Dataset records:
------------------------------------------------------------------------
(* Consider the system (S) below with all parameters $b_1,b_2,b_3,a_{11},a_{12},a_{13},a_{21},a_{23},a_{31},a_{32}>0$ and $c>0$, and assume $a_{31}b_1>a_{11}b_3$. Then $$E_2=\Big(x_2,0,z_2\Big),\qquad x_2=\frac{b_3}{a_{31}},\quad z_2=\frac{b_1-a_{11}x_2}{a_{13}}>0,$$ is an equilibrium of (S), and if $a_{31}b_2>a_{21}b_3$ then $E_2$ is locally asymptotically stable (all eigenvalues of the Jacobian matrix of (S) at $E_2$ have negative real parts).
   Context: Let $x,y,z\ge 0$ denote prey, intermediate predator and top predator densities. The system (S), an intraguild predation Lotka–Volterra model with top-predator feeding switching of intensity $c$, is $$\dot x=(b_1-a_{11}x)x-a_{12}xy-\frac{a_{13}x^2z}{x+cy},\qquad \dot y=-b_2y+a_{21}xy-\frac{a_{23}y^2z}{y+cx},\qquad \dot z=-b_3z+\frac{a_{31}x^2z}{x+cy}+\frac{a_{32}y^2z}{y+cx},$$ defined on the closed nonnegative orthant minus the origin (where $x+cy>0$ and $y+cx>0$), the right-hand side being smooth in a neighbourhood of every equilibrium with $x>0$. (The fractions are the switching terms $\frac{a_{13}xz}{1+cy/x}$ etc. written with cleared denominators.) *)

theory Defs
  imports "HOL-Analysis.Analysis"
begin

text \<open>Away from the domain (where a denominator vanishes) the division convention x/0 = 0 applies;
  this is irrelevant near equilibria with x > 0.\<close>
definition igp_field ::
  "real \<Rightarrow> real \<Rightarrow> real \<Rightarrow> real \<Rightarrow> real \<Rightarrow> real \<Rightarrow> real \<Rightarrow> real \<Rightarrow> real \<Rightarrow> real \<Rightarrow> real
   \<Rightarrow> real^3 \<Rightarrow> real^3" where
  "igp_field b1 b2 b3 a11 a12 a13 a21 a23 a31 a32 c u =
     (let x = u$1; y = u$2; z = u$3 in
      (\<chi> i. if i = 1 then (b1 - a11*x)*x - a12*x*y - a13*x^2*z / (x + c*y)
            else if i = 2 then - b2*y + a21*x*y - a23*y^2*z / (y + c*x)
            else - b3*z + a31*x^2*z / (x + c*y) + a32*y^2*z / (y + c*x)))"

definition pt3 :: "real \<Rightarrow> real \<Rightarrow> real \<Rightarrow> real^3" where
  "pt3 x y z = (\<chi> i. if i = 1 then x else if i = 2 then y else z)"

definition cmatrix :: "(real^3 \<Rightarrow> real^3) \<Rightarrow> complex^3^3" where
  "cmatrix J = (\<chi> i j. complex_of_real (matrix J $ i $ j))"

end

theory Submission imports Defs begin

(* E2 = (x2, 0, z2) lies on the face y = 0 of the orthant, where the switching terms
   are smooth because x > 0.  We compute the Jacobian of (S) at an arbitrary point
   (x, 0, z) with x > 0 (it is defined below as igp_jacobian_face); its second row is
   (0, a21 x - b2, 0).  At E2 the equilibrium relations a31 x2 = b3 and
   a13 z2 = b1 - a11 x2 turn it into
        [ -a11 x2    p            -a13 x2 ]
        [  0         a21 x2 - b2   0      ]
        [  a31 z2    r             0      ].
   Hence an eigenvalue is either a21 x2 - b2 < 0 (this is where a31 b2 > a21 b3 is
   used), or it is an eigenvalue of the 2x2 block formed by rows/columns 1 and 3,
   i.e. a root of mu^2 + a11 x2 mu + a13 a31 x2 z2, whose roots have negative real
   part by the degree-two Routh-Hurwitz criterion.  Uniqueness of the derivative
   lets us transfer this from our explicit Jacobian to any derivative J of (S). *)

lemma quadratic_root_Re_neg:
  fixes mu :: complex and A B :: real
  assumes "A > 0" "B > 0" and root: "mu^2 + A*mu + B = 0"
  shows "Re mu < 0"
proof -
  obtain a b where mu: "mu = Complex a b" by (cases mu)
  from root have re: "a^2 - b^2 + A*a + B = 0" and im: "(2*a + A) * b = 0"
    by (auto simp: mu complex_eq_iff power2_eq_square algebra_simps)
  show ?thesis
  proof (cases "b = 0")
    case True
    \<comment> \<open>a real root: a nonnegative a would make the polynomial strictly positive\<close>
    have "a \<ge> 0 \<Longrightarrow> a^2 + A*a + B > 0" using assms
      by (simp add: add_nonneg_pos add_pos_nonneg)
    with re True show ?thesis by (fastforce simp: mu)
  next
    case False
    \<comment> \<open>a non-real root has real part -A/2\<close>
    with im have "2*a + A = 0" by simp
    with assms show ?thesis by (simp add: mu)
  qed
qed

text \<open>Eigenvalues of a 3x3 matrix of the sign pattern of the Jacobian at E2
  (row 2 diagonal, zero (3,3) entry) have negative real part: the middle
  coordinate either fixes mu = q < 0, or vanishes and leaves the 2x2 block
  [[-A, -B], [C, 0]] with characteristic polynomial mu^2 + A mu + B C.\<close>
lemma eigenvalue_Re_neg:
  fixes mu w1 w2 w3 :: complex and A B C p q r :: real
  assumes pos: "A > 0" "B > 0" "C > 0" "q < 0"
    and row1: "p*w2 - A*w1 - B*w3 = mu*w1"
    and row2: "q*w2 = mu*w2"
    and row3: "C*w1 + r*w2 = mu*w3"
    and nonzero: "w1 \<noteq> 0 \<or> w2 \<noteq> 0 \<or> w3 \<noteq> 0"
  shows "Re mu < 0"
proof (cases "w2 = 0")
  case False
  with row2 have "mu = q" by simp
  with pos show ?thesis by simp
next
  case True
  with row1 row3 have block1: "mu*w1 = -(A*w1) - B*w3" and block3: "C*w1 = mu*w3"
    by simp_all
  have "w1 \<noteq> 0"
    using nonzero True block1 pos by auto
  have "(mu^2 + A*mu + B*C) * w1 = mu*(mu*w1) + A*(mu*w1) + B*(C*w1)"
    by (simp add: algebra_simps power2_eq_square)
  also have "\<dots> = mu*(-(A*w1) - B*w3) + A*(mu*w1) + B*(mu*w3)"
    by (simp only: block1 block3)
  also have "\<dots> = 0"
    using block1 by (simp add: algebra_simps)
  finally have "mu^2 + A*mu + (B*C) = 0"
    using \<open>w1 \<noteq> 0\<close> by simp
  then show ?thesis
    using quadratic_root_Re_neg[of A "B*C" mu] pos by simp
qed

lemma cmatrix_mult_nth:
  "(cmatrix J *v v) $ i = (\<Sum>j\<in>UNIV. complex_of_real (J (axis j 1) $ i) * v $ j)"
  by (simp add: cmatrix_def matrix_def matrix_vector_mult_def)

lemma vec_nth_has_derivative[derivative_intros]:
  "((\<lambda>u::real^'n. u $ i) has_derivative (\<lambda>h. h $ i)) F"
  using bounded_linear_vec_nth[of i] bounded_linear_imp_has_derivative by blast

lemma has_derivative_vec3:
  fixes f :: "'a::real_normed_vector \<Rightarrow> real^3"
  assumes "\<And>i. ((\<lambda>x. f x $ i) has_derivative (\<lambda>h. f' h $ i)) (at a)"
  shows "(f has_derivative f') (at a)"
proof (subst has_derivative_componentwise_within, intro ballI)
  fix b :: "real^3" assume "b \<in> Basis"
  then obtain i where b: "b = axis i 1" using axis_inverse by blast
  have "\<And>v::real^3. v \<bullet> b = v $ i" unfolding b by (simp add: inner_axis)
  then show "((\<lambda>x. f x \<bullet> b) has_derivative (\<lambda>x. f' x \<bullet> b)) (at a)"
    using assms by simp
qed

lemma pt3_nth[simp]: "pt3 x y z $ 1 = x" "pt3 x y z $ 2 = y" "pt3 x y z $ 3 = z"
  by (simp_all add: pt3_def)

lemma igp_field_nth:
  "igp_field b1 b2 b3 a11 a12 a13 a21 a23 a31 a32 c u $ 1 =
     (b1 - a11*u$1)*u$1 - a12*u$1*u$2 - a13*(u$1)^2*u$3 / (u$1 + c*u$2)"
  "igp_field b1 b2 b3 a11 a12 a13 a21 a23 a31 a32 c u $ 2 =
     - b2*u$2 + a21*u$1*u$2 - a23*(u$2)^2*u$3 / (u$2 + c*u$1)"
  "igp_field b1 b2 b3 a11 a12 a13 a21 a23 a31 a32 c u $ 3 =
     - b3*u$3 + a31*(u$1)^2*u$3 / (u$1 + c*u$2) + a32*(u$2)^2*u$3 / (u$2 + c*u$1)"
  by (simp_all add: igp_field_def Let_def)

text \<open>The Jacobian of (S) at a point (x, 0, z).  Since y = 0, the terms carrying
  a23 and a32 are quadratic in y and drop out.\<close>
definition igp_jacobian_face ::
  "real \<Rightarrow> real \<Rightarrow> real \<Rightarrow> real \<Rightarrow> real \<Rightarrow> real \<Rightarrow> real \<Rightarrow> real \<Rightarrow> real \<Rightarrow> real
   \<Rightarrow> real \<Rightarrow> real^3 \<Rightarrow> real^3" where
  "igp_jacobian_face b1 b2 b3 a11 a12 a13 a21 a31 c x z =
     (\<lambda>h. \<chi> i. if i = 1 then (b1 - 2*a11*x - a13*z)*h$1 + (a13*c*z - a12*x)*h$2 - a13*x*h$3
               else if i = 2 then (a21*x - b2)*h$2
               else a31*z*h$1 - a31*c*z*h$2 + (a31*x - b3)*h$3)"

lemma igp_jacobian_face_nth:
  "igp_jacobian_face b1 b2 b3 a11 a12 a13 a21 a31 c x z h $ 1 =
     (b1 - 2*a11*x - a13*z)*h$1 + (a13*c*z - a12*x)*h$2 - a13*x*h$3"
  "igp_jacobian_face b1 b2 b3 a11 a12 a13 a21 a31 c x z h $ 2 = (a21*x - b2)*h$2"
  "igp_jacobian_face b1 b2 b3 a11 a12 a13 a21 a31 c x z h $ 3 =
     a31*z*h$1 - a31*c*z*h$2 + (a31*x - b3)*h$3"
  by (simp_all add: igp_jacobian_face_def)

text \<open>The field is differentiable at every point (x, 0, z) with x > 0 (both
  denominators are then nonzero), with the Jacobian above.\<close>
lemma igp_field_has_derivative_face:
  fixes x z :: real
  assumes "x > 0" "c > 0"
  shows "(igp_field b1 b2 b3 a11 a12 a13 a21 a23 a31 a32 c has_derivative
           igp_jacobian_face b1 b2 b3 a11 a12 a13 a21 a31 c x z) (at (pt3 x 0 z))"
proof (rule has_derivative_vec3)
  fix i :: 3
  have d1: "((\<lambda>u::real^3. (b1 - a11*u$1)*u$1 - a12*u$1*u$2 - a13*(u$1)^2*u$3 / (u$1 + c*u$2))
      has_derivative (\<lambda>h. (b1 - 2*a11*x - a13*z)*h$1 + (a13*c*z - a12*x)*h$2 - a13*x*h$3))
      (at (pt3 x 0 z))"
    by (insert assms, rule has_derivative_eq_rhs, (rule derivative_intros)+)
       (use assms in \<open>auto simp: field_simps power2_eq_square\<close>)
  have d2: "((\<lambda>u::real^3. - b2*u$2 + a21*u$1*u$2 - a23*(u$2)^2*u$3 / (u$2 + c*u$1))
      has_derivative (\<lambda>h. (a21*x - b2)*h$2)) (at (pt3 x 0 z))"
    by (insert assms, rule has_derivative_eq_rhs, (rule derivative_intros)+)
       (use assms in \<open>auto simp: field_simps power2_eq_square\<close>)
  have d3: "((\<lambda>u::real^3. - b3*u$3 + a31*(u$1)^2*u$3 / (u$1 + c*u$2) + a32*(u$2)^2*u$3 / (u$2 + c*u$1))
      has_derivative (\<lambda>h. a31*z*h$1 - a31*c*z*h$2 + (a31*x - b3)*h$3)) (at (pt3 x 0 z))"
    by (insert assms, rule has_derivative_eq_rhs, (rule derivative_intros | simp)+)
       (use assms in \<open>auto simp: field_simps power2_eq_square\<close>)
  show "((\<lambda>u. igp_field b1 b2 b3 a11 a12 a13 a21 a23 a31 a32 c u $ i) has_derivative
         (\<lambda>h. igp_jacobian_face b1 b2 b3 a11 a12 a13 a21 a31 c x z h $ i)) (at (pt3 x 0 z))"
    using exhaust_3[of i] d1 d2 d3 by (auto simp: igp_field_nth igp_jacobian_face_nth)
qed

lemma igp_field_equilibrium_face:
  assumes "x > 0" and x_eq: "a31*x = b3" and z_eq: "a13*z = b1 - a11*x"
  shows "igp_field b1 b2 b3 a11 a12 a13 a21 a23 a31 a32 c (pt3 x 0 z) = 0"
proof -
  have "b1*x = (a11*x + a13*z)*x"
    using z_eq by simp
  then have "b1*x = a11*(x*x) + a13*(x*z)"
    by (simp add: algebra_simps)
  then show ?thesis
    unfolding vec_eq_iff forall_3 using assms
    by (simp add: igp_field_nth power2_eq_square field_simps)
qed

lemma igp_jacobian_face_stable:
  fixes mu :: complex and v :: "complex^3"
  assumes pos: "a11 > 0" "a13 > 0" "a31 > 0" "x > 0" "z > 0"
    and x_eq: "a31*x = b3" and z_eq: "a13*z = b1 - a11*x"
    and invasion: "a21*x < b2"
    and eigen: "cmatrix (igp_jacobian_face b1 b2 b3 a11 a12 a13 a21 a31 c x z) *v v = mu *s v"
    and "v \<noteq> 0"
  shows "Re mu < 0"
proof -
  let ?J = "igp_jacobian_face b1 b2 b3 a11 a12 a13 a21 a31 c x z"
  have row: "(\<Sum>j\<in>UNIV. complex_of_real (?J (axis j 1) $ i) * v $ j) = mu * v $ i" for i
    using arg_cong[OF eigen, of "\<lambda>w. w $ i"] by (simp add: cmatrix_mult_nth)
  have row1: "of_real (a13*c*z - a12*x) * v$2 - of_real (a11*x) * v$1 - of_real (a13*x) * v$3
      = mu * v$1"
    using row[of 1] z_eq
    by (simp add: sum_3 axis_def igp_jacobian_face_nth algebra_simps)
  have row2: "of_real (a21*x - b2) * v$2 = mu * v$2"
    using row[of 2] by (simp add: sum_3 axis_def igp_jacobian_face_nth algebra_simps)
  have row3: "of_real (a31*z) * v$1 + of_real (- a31*c*z) * v$2 = mu * v$3"
    using row[of 3] x_eq by (simp add: sum_3 axis_def igp_jacobian_face_nth algebra_simps)
  have "v$1 \<noteq> 0 \<or> v$2 \<noteq> 0 \<or> v$3 \<noteq> 0"
    using \<open>v \<noteq> 0\<close> by (auto simp: vec_eq_iff forall_3)
  from eigenvalue_Re_neg[OF _ _ _ _ row1 row2 row3 this] show ?thesis
    using pos invasion by simp
qed

theorem mainTheorem2:
  fixes b1 b2 b3 a11 a12 a13 a21 a23 a31 a32 c :: real
  assumes pos: "b1 > 0" "b2 > 0" "b3 > 0" "a11 > 0" "a12 > 0" "a13 > 0"
      "a21 > 0" "a23 > 0" "a31 > 0" "a32 > 0" "c > 0"
    and h: "a31 * b1 > a11 * b3"
  defines "x2 \<equiv> b3 / a31"
    and "z2 \<equiv> (b1 - a11 * (b3 / a31)) / a13"
    and "F \<equiv> igp_field b1 b2 b3 a11 a12 a13 a21 a23 a31 a32 c"
  shows "z2 > 0 \<and> F (pt3 x2 0 z2) = 0 \<and>
         (a31 * b2 > a21 * b3 \<longrightarrow>
            F differentiable (at (pt3 x2 0 z2)) \<and>
            (\<forall>J. (F has_derivative J) (at (pt3 x2 0 z2)) \<longrightarrow>
               (\<forall>(mu::complex) (v::complex^3). v \<noteq> 0 \<and> cmatrix J *v v = mu *s v \<longrightarrow> Re mu < 0)))"
proof -
  have x2: "x2 > 0" and x_eq: "a31 * x2 = b3"
    using pos by (simp_all add: x2_def)
  have z2: "z2 > 0"
    using pos h by (simp add: z2_def field_simps)
  have z_eq: "a13 * z2 = b1 - a11 * x2"
    using pos by (simp add: z2_def x2_def)
  define J2 where "J2 = igp_jacobian_face b1 b2 b3 a11 a12 a13 a21 a31 c x2 z2"
  have DF: "(F has_derivative J2) (at (pt3 x2 0 z2))"
    unfolding F_def J2_def using igp_field_has_derivative_face x2 pos(11) .
  have "Re mu < 0"
    if "a31 * b2 > a21 * b3" "(F has_derivative J) (at (pt3 x2 0 z2))"
       "v \<noteq> 0" "cmatrix J *v v = mu *s v" for J mu v
  proof -
    have "J = J2" using has_derivative_unique[OF that(2) DF] .
    moreover have "a21 * x2 < b2"
      using that(1) pos by (simp add: x2_def field_simps)
    ultimately show ?thesis
      using igp_jacobian_face_stable[OF pos(4,6,9) x2 z2 x_eq z_eq] that(3,4)
      unfolding J2_def by blast
  qed
  moreover have "F (pt3 x2 0 z2) = 0"
    unfolding F_def using igp_field_equilibrium_face[OF x2 x_eq z_eq] .
  ultimately show ?thesis
    using z2 DF by (auto simp: differentiable_def)
qed

end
------------------------------------------------------------------------
▶ _WHAT IS NEEDED_
Among the entries above, say how many lines hold the word "denominators". No other words belong in the answer.

▶ _RESULT OF THIS TASK_
2